[Opening DATA SUPPLIED section]
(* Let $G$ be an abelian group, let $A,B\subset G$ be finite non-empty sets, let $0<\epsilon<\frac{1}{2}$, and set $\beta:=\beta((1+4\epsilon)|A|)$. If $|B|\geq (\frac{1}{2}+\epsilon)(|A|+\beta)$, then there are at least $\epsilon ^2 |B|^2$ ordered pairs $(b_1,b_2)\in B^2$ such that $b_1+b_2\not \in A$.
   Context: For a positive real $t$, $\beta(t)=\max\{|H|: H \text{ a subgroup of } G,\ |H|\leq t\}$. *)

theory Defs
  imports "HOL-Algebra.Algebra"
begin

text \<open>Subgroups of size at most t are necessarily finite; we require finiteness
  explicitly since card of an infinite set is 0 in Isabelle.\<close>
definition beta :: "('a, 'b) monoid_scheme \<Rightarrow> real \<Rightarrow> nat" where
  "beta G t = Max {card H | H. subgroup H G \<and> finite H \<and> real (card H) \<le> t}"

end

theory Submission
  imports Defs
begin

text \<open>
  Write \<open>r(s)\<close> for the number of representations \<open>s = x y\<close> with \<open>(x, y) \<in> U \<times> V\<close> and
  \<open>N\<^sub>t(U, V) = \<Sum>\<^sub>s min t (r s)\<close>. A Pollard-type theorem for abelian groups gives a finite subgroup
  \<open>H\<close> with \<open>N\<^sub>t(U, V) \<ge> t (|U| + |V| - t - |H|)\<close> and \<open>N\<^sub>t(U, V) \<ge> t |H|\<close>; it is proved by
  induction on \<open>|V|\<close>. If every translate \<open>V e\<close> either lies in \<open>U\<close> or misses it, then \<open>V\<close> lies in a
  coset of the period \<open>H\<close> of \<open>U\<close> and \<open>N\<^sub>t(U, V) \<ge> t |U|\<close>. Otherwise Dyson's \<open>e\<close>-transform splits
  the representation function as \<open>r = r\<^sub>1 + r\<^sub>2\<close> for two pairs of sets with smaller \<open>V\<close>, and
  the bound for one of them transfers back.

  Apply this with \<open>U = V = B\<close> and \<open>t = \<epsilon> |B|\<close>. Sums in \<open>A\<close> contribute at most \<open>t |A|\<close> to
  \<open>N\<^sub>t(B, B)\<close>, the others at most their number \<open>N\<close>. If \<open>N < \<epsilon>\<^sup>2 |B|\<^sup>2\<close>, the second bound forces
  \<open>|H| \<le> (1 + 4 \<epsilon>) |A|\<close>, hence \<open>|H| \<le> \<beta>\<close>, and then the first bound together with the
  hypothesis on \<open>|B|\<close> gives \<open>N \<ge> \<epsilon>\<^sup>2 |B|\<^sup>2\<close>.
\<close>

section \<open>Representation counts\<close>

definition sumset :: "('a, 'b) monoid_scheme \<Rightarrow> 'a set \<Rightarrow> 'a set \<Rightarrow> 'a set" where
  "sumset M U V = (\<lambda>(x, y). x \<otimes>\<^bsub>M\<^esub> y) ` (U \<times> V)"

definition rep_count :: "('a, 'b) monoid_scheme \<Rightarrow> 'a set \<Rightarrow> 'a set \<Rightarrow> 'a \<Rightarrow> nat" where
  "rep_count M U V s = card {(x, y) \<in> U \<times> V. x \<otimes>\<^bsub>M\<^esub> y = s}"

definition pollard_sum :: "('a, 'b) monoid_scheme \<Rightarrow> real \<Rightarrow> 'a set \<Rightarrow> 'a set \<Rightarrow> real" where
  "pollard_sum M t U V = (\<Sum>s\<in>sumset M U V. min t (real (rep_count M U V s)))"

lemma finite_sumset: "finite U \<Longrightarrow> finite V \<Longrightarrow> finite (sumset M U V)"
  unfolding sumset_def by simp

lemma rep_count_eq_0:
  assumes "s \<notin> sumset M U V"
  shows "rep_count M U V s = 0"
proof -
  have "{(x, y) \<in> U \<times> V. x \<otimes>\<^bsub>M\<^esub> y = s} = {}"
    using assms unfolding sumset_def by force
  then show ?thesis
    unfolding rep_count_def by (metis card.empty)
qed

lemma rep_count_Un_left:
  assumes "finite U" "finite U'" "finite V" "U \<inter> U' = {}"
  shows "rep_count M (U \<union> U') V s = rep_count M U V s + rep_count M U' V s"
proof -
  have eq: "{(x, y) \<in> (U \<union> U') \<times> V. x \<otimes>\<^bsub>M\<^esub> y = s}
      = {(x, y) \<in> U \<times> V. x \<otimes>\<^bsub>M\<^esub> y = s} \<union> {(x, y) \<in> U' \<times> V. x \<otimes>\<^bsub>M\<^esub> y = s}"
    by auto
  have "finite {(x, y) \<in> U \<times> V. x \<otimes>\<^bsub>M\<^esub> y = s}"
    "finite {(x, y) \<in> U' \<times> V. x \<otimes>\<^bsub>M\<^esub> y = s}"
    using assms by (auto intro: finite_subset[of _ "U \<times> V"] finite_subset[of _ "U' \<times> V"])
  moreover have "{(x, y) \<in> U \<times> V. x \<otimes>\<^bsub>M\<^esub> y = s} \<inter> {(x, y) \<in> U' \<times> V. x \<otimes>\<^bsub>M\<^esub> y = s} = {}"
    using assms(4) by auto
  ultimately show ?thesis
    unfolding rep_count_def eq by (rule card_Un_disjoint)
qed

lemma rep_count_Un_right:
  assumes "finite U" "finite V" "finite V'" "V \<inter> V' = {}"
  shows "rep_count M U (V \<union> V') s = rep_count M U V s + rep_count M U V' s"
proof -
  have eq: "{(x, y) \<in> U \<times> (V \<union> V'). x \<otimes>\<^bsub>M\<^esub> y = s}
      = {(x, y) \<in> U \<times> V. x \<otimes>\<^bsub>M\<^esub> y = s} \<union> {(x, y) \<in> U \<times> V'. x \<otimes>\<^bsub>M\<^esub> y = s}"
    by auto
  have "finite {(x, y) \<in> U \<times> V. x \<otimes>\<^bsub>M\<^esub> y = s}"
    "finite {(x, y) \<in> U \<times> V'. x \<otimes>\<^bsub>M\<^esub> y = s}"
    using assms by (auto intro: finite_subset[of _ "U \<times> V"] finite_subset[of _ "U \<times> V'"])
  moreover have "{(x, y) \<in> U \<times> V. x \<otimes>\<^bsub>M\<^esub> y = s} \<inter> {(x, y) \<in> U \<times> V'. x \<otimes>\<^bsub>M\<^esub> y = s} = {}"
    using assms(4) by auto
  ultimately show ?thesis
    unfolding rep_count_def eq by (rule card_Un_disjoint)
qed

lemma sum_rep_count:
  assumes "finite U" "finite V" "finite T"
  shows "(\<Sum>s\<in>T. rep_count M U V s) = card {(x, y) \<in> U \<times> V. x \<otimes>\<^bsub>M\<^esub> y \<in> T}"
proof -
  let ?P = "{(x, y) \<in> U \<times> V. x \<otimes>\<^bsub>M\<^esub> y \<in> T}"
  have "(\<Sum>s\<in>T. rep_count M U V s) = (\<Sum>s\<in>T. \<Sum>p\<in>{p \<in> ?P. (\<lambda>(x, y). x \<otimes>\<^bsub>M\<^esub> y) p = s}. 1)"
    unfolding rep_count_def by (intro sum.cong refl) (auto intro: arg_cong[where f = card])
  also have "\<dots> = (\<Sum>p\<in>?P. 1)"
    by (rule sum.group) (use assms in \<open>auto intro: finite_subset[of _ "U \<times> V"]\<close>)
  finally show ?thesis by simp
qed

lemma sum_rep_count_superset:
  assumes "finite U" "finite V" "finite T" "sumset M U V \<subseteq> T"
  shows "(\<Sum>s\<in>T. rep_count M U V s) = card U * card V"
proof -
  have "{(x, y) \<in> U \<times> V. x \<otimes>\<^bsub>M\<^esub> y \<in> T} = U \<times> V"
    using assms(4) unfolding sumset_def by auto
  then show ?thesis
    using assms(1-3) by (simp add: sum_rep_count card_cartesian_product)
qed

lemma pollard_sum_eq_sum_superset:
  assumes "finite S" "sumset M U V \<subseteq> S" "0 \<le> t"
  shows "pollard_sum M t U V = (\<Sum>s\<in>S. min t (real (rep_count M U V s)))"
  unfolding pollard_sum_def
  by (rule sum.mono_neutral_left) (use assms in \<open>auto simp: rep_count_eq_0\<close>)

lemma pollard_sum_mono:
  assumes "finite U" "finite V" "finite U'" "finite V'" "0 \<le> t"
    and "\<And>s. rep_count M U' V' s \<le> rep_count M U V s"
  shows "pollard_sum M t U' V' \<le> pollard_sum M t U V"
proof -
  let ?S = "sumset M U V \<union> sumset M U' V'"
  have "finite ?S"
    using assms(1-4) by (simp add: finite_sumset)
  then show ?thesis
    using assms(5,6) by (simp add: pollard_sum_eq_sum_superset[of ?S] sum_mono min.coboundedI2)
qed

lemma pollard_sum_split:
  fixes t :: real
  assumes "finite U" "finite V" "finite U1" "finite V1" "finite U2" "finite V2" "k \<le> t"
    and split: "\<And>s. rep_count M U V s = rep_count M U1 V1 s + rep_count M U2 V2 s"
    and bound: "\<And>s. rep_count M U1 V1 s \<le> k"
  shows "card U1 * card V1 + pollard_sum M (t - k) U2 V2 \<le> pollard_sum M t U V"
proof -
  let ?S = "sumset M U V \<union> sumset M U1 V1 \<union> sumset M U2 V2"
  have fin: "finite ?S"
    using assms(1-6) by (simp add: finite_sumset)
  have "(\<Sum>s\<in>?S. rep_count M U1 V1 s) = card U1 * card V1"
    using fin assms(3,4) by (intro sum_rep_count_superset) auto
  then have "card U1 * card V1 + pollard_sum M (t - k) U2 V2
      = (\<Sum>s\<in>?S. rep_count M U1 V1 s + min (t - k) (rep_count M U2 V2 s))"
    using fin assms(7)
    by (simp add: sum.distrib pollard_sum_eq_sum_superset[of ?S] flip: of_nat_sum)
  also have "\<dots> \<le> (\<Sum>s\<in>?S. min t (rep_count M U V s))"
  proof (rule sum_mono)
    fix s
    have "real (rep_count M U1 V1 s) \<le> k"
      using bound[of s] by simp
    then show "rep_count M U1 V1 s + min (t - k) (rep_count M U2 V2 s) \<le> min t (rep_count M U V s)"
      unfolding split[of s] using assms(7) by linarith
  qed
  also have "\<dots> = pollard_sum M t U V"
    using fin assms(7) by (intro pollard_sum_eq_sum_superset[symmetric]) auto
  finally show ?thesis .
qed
[Closing DATA SUPPLIED section]
**THE TASK**
The lines from the one containing "unfolding pollard_sum_def" to the final line of the listing above must be set down exactly, both included.

**FINAL ANSWER**
  unfolding pollard_sum_def
  by (rule sum.mono_neutral_left) (use assms in \<open>auto simp: rep_count_eq_0\<close>)

lemma pollard_sum_mono:
  assumes "finite U" "finite V" "finite U'" "finite V'" "0 \<le> t"
    and "\<And>s. rep_count M U' V' s \<le> rep_count M U V s"
  shows "pollard_sum M t U' V' \<le> pollard_sum M t U V"
proof -
  let ?S = "sumset M U V \<union> sumset M U' V'"
  have "finite ?S"
    using assms(1-4) by (simp add: finite_sumset)
  then show ?thesis
    using assms(5,6) by (simp add: pollard_sum_eq_sum_superset[of ?S] sum_mono min.coboundedI2)
qed

lemma pollard_sum_split:
  fixes t :: real
  assumes "finite U" "finite V" "finite U1" "finite V1" "finite U2" "finite V2" "k \<le> t"
    and split: "\<And>s. rep_count M U V s = rep_count M U1 V1 s + rep_count M U2 V2 s"
    and bound: "\<And>s. rep_count M U1 V1 s \<le> k"
  shows "card U1 * card V1 + pollard_sum M (t - k) U2 V2 \<le> pollard_sum M t U V"
proof -
  let ?S = "sumset M U V \<union> sumset M U1 V1 \<union> sumset M U2 V2"
  have fin: "finite ?S"
    using assms(1-6) by (simp add: finite_sumset)
  have "(\<Sum>s\<in>?S. rep_count M U1 V1 s) = card U1 * card V1"
    using fin assms(3,4) by (intro sum_rep_count_superset) auto
  then have "card U1 * card V1 + pollard_sum M (t - k) U2 V2
      = (\<Sum>s\<in>?S. rep_count M U1 V1 s + min (t - k) (rep_count M U2 V2 s))"
    using fin assms(7)
    by (simp add: sum.distrib pollard_sum_eq_sum_superset[of ?S] flip: of_nat_sum)
  also have "\<dots> \<le> (\<Sum>s\<in>?S. min t (rep_count M U V s))"
  proof (rule sum_mono)
    fix s
    have "real (rep_count M U1 V1 s) \<le> k"
      using bound[of s] by simp
    then show "rep_count M U1 V1 s + min (t - k) (rep_count M U2 V2 s) \<le> min t (rep_count M U V s)"
      unfolding split[of s] using assms(7) by linarith
  qed
  also have "\<dots> = pollard_sum M t U V"
    using fin assms(7) by (intro pollard_sum_eq_sum_superset[symmetric]) auto
  finally show ?thesis .
qed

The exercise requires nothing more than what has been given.